### EXERCISE INPUT

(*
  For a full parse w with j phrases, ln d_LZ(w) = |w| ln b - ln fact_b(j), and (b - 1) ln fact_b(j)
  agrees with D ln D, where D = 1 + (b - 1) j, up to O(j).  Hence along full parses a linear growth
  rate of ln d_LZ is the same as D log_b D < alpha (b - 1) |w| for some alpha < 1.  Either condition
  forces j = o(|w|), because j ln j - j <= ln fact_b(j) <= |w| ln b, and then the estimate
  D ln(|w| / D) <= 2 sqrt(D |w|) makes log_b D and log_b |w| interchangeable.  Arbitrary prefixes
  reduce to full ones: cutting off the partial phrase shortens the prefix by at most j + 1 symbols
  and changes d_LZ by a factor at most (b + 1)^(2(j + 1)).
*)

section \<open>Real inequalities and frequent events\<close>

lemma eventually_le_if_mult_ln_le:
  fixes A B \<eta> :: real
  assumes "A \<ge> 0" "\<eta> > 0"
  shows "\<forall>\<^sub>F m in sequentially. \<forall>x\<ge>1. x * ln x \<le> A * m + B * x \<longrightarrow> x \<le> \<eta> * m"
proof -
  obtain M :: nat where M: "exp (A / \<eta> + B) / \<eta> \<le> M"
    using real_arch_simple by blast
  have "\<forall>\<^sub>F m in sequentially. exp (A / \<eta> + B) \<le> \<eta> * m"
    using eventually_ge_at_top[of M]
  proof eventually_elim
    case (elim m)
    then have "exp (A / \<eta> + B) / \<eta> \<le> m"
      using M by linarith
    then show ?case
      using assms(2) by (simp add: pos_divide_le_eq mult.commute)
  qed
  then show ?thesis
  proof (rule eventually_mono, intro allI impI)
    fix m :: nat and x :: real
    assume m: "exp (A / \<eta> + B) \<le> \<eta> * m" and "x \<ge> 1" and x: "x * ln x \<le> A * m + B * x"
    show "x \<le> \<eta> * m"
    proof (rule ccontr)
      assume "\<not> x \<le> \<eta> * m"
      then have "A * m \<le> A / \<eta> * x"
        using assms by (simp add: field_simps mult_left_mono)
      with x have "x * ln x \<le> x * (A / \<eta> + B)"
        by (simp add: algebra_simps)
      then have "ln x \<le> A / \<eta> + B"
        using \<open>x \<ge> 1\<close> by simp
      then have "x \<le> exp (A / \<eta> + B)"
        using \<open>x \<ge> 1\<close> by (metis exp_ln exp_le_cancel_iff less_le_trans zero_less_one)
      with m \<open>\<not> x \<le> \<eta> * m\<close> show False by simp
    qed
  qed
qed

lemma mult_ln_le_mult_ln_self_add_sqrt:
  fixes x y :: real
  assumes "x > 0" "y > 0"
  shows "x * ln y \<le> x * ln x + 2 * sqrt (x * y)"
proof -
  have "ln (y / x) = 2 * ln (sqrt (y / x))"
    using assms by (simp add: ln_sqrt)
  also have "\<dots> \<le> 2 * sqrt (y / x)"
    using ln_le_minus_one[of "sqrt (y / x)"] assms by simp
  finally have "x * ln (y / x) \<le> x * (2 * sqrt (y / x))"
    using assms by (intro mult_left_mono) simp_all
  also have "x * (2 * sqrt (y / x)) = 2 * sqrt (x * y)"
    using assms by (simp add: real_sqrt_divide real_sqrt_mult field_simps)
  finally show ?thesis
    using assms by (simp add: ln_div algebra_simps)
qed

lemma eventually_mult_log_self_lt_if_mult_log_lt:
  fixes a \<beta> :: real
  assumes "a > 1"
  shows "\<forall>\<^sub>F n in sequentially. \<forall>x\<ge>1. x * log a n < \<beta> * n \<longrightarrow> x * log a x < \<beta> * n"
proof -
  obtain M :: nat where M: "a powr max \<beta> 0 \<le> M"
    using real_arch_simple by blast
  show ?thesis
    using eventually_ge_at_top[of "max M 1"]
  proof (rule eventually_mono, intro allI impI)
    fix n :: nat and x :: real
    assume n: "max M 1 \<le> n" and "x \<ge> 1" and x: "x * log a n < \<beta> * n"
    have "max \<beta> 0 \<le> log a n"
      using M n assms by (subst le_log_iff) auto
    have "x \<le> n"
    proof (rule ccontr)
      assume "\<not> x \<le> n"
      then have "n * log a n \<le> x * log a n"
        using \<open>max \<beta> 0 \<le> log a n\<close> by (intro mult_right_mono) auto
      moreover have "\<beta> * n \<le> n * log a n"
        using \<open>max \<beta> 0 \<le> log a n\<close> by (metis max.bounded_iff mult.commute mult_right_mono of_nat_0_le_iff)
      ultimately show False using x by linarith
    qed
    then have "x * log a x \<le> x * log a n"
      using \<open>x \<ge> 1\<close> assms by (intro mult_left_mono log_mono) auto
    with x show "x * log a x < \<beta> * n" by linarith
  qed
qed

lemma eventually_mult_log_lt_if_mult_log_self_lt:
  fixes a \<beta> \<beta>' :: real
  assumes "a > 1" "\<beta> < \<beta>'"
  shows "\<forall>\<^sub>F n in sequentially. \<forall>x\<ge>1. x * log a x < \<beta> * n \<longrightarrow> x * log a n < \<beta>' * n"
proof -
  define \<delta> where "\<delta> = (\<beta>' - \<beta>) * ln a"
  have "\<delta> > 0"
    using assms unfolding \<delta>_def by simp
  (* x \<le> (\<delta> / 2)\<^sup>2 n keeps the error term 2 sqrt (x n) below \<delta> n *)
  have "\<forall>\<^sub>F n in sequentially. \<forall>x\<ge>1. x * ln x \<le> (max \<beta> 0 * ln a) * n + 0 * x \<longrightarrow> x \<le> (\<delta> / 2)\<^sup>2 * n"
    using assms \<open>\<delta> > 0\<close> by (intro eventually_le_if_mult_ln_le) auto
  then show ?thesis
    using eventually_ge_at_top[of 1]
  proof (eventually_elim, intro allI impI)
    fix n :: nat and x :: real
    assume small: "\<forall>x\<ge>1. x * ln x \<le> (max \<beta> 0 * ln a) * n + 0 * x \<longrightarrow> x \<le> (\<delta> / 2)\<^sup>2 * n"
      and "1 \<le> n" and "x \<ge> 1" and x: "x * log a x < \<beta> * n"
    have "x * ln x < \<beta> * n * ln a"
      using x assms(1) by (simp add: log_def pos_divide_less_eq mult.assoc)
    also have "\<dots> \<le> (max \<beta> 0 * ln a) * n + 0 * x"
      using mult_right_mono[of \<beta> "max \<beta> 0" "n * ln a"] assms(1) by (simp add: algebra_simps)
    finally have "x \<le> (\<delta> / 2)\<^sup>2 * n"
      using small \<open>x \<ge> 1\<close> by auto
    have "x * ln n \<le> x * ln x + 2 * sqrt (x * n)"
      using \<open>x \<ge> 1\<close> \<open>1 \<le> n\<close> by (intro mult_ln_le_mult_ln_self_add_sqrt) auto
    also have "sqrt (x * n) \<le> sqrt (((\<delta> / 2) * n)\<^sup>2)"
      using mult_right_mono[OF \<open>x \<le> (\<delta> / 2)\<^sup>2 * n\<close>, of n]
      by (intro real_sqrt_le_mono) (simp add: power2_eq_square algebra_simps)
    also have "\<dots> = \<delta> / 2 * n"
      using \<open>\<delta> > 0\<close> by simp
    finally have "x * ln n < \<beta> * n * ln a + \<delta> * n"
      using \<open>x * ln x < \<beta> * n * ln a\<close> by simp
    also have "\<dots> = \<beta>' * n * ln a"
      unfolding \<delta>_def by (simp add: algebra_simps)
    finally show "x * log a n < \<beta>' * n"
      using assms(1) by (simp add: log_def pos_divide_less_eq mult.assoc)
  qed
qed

######

ASSIGNMENT – Give back every entry, word for word.

SOLUTION TO THIS PROBLEM –
(*
  For a full parse w with j phrases, ln d_LZ(w) = |w| ln b - ln fact_b(j), and (b - 1) ln fact_b(j)
  agrees with D ln D, where D = 1 + (b - 1) j, up to O(j).  Hence along full parses a linear growth
  rate of ln d_LZ is the same as D log_b D < alpha (b - 1) |w| for some alpha < 1.  Either condition
  forces j = o(|w|), because j ln j - j <= ln fact_b(j) <= |w| ln b, and then the estimate
  D ln(|w| / D) <= 2 sqrt(D |w|) makes log_b D and log_b |w| interchangeable.  Arbitrary prefixes
  reduce to full ones: cutting off the partial phrase shortens the prefix by at most j + 1 symbols
  and changes d_LZ by a factor at most (b + 1)^(2(j + 1)).
*)

section \<open>Real inequalities and frequent events\<close>

lemma eventually_le_if_mult_ln_le:
  fixes A B \<eta> :: real
  assumes "A \<ge> 0" "\<eta> > 0"
  shows "\<forall>\<^sub>F m in sequentially. \<forall>x\<ge>1. x * ln x \<le> A * m + B * x \<longrightarrow> x \<le> \<eta> * m"
proof -
  obtain M :: nat where M: "exp (A / \<eta> + B) / \<eta> \<le> M"
    using real_arch_simple by blast
  have "\<forall>\<^sub>F m in sequentially. exp (A / \<eta> + B) \<le> \<eta> * m"
    using eventually_ge_at_top[of M]
  proof eventually_elim
    case (elim m)
    then have "exp (A / \<eta> + B) / \<eta> \<le> m"
      using M by linarith
    then show ?case
      using assms(2) by (simp add: pos_divide_le_eq mult.commute)
  qed
  then show ?thesis
  proof (rule eventually_mono, intro allI impI)
    fix m :: nat and x :: real
    assume m: "exp (A / \<eta> + B) \<le> \<eta> * m" and "x \<ge> 1" and x: "x * ln x \<le> A * m + B * x"
    show "x \<le> \<eta> * m"
    proof (rule ccontr)
      assume "\<not> x \<le> \<eta> * m"
      then have "A * m \<le> A / \<eta> * x"
        using assms by (simp add: field_simps mult_left_mono)
      with x have "x * ln x \<le> x * (A / \<eta> + B)"
        by (simp add: algebra_simps)
      then have "ln x \<le> A / \<eta> + B"
        using \<open>x \<ge> 1\<close> by simp
      then have "x \<le> exp (A / \<eta> + B)"
        using \<open>x \<ge> 1\<close> by (metis exp_ln exp_le_cancel_iff less_le_trans zero_less_one)
      with m \<open>\<not> x \<le> \<eta> * m\<close> show False by simp
    qed
  qed
qed

lemma mult_ln_le_mult_ln_self_add_sqrt:
  fixes x y :: real
  assumes "x > 0" "y > 0"
  shows "x * ln y \<le> x * ln x + 2 * sqrt (x * y)"
proof -
  have "ln (y / x) = 2 * ln (sqrt (y / x))"
    using assms by (simp add: ln_sqrt)
  also have "\<dots> \<le> 2 * sqrt (y / x)"
    using ln_le_minus_one[of "sqrt (y / x)"] assms by simp
  finally have "x * ln (y / x) \<le> x * (2 * sqrt (y / x))"
    using assms by (intro mult_left_mono) simp_all
  also have "x * (2 * sqrt (y / x)) = 2 * sqrt (x * y)"
    using assms by (simp add: real_sqrt_divide real_sqrt_mult field_simps)
  finally show ?thesis
    using assms by (simp add: ln_div algebra_simps)
qed

lemma eventually_mult_log_self_lt_if_mult_log_lt:
  fixes a \<beta> :: real
  assumes "a > 1"
  shows "\<forall>\<^sub>F n in sequentially. \<forall>x\<ge>1. x * log a n < \<beta> * n \<longrightarrow> x * log a x < \<beta> * n"
proof -
  obtain M :: nat where M: "a powr max \<beta> 0 \<le> M"
    using real_arch_simple by blast
  show ?thesis
    using eventually_ge_at_top[of "max M 1"]
  proof (rule eventually_mono, intro allI impI)
    fix n :: nat and x :: real
    assume n: "max M 1 \<le> n" and "x \<ge> 1" and x: "x * log a n < \<beta> * n"
    have "max \<beta> 0 \<le> log a n"
      using M n assms by (subst le_log_iff) auto
    have "x \<le> n"
    proof (rule ccontr)
      assume "\<not> x \<le> n"
      then have "n * log a n \<le> x * log a n"
        using \<open>max \<beta> 0 \<le> log a n\<close> by (intro mult_right_mono) auto
      moreover have "\<beta> * n \<le> n * log a n"
        using \<open>max \<beta> 0 \<le> log a n\<close> by (metis max.bounded_iff mult.commute mult_right_mono of_nat_0_le_iff)
      ultimately show False using x by linarith
    qed
    then have "x * log a x \<le> x * log a n"
      using \<open>x \<ge> 1\<close> assms by (intro mult_left_mono log_mono) auto
    with x show "x * log a x < \<beta> * n" by linarith
  qed
qed

lemma eventually_mult_log_lt_if_mult_log_self_lt:
  fixes a \<beta> \<beta>' :: real
  assumes "a > 1" "\<beta> < \<beta>'"
  shows "\<forall>\<^sub>F n in sequentially. \<forall>x\<ge>1. x * log a x < \<beta> * n \<longrightarrow> x * log a n < \<beta>' * n"
proof -
  define \<delta> where "\<delta> = (\<beta>' - \<beta>) * ln a"
  have "\<delta> > 0"
    using assms unfolding \<delta>_def by simp
  (* x \<le> (\<delta> / 2)\<^sup>2 n keeps the error term 2 sqrt (x n) below \<delta> n *)
  have "\<forall>\<^sub>F n in sequentially. \<forall>x\<ge>1. x * ln x \<le> (max \<beta> 0 * ln a) * n + 0 * x \<longrightarrow> x \<le> (\<delta> / 2)\<^sup>2 * n"
    using assms \<open>\<delta> > 0\<close> by (intro eventually_le_if_mult_ln_le) auto
  then show ?thesis
    using eventually_ge_at_top[of 1]
  proof (eventually_elim, intro allI impI)
    fix n :: nat and x :: real
    assume small: "\<forall>x\<ge>1. x * ln x \<le> (max \<beta> 0 * ln a) * n + 0 * x \<longrightarrow> x \<le> (\<delta> / 2)\<^sup>2 * n"
      and "1 \<le> n" and "x \<ge> 1" and x: "x * log a x < \<beta> * n"
    have "x * ln x < \<beta> * n * ln a"
      using x assms(1) by (simp add: log_def pos_divide_less_eq mult.assoc)
    also have "\<dots> \<le> (max \<beta> 0 * ln a) * n + 0 * x"
      using mult_right_mono[of \<beta> "max \<beta> 0" "n * ln a"] assms(1) by (simp add: algebra_simps)
    finally have "x \<le> (\<delta> / 2)\<^sup>2 * n"
      using small \<open>x \<ge> 1\<close> by auto
    have "x * ln n \<le> x * ln x + 2 * sqrt (x * n)"
      using \<open>x \<ge> 1\<close> \<open>1 \<le> n\<close> by (intro mult_ln_le_mult_ln_self_add_sqrt) auto
    also have "sqrt (x * n) \<le> sqrt (((\<delta> / 2) * n)\<^sup>2)"
      using mult_right_mono[OF \<open>x \<le> (\<delta> / 2)\<^sup>2 * n\<close>, of n]
      by (intro real_sqrt_le_mono) (simp add: power2_eq_square algebra_simps)
    also have "\<dots> = \<delta> / 2 * n"
      using \<open>\<delta> > 0\<close> by simp
    finally have "x * ln n < \<beta> * n * ln a + \<delta> * n"
      using \<open>x * ln x < \<beta> * n * ln a\<close> by simp
    also have "\<dots> = \<beta>' * n * ln a"
      unfolding \<delta>_def by (simp add: algebra_simps)
    finally show "x * log a n < \<beta>' * n"
      using assms(1) by (simp add: log_def pos_divide_less_eq mult.assoc)
  qed
qed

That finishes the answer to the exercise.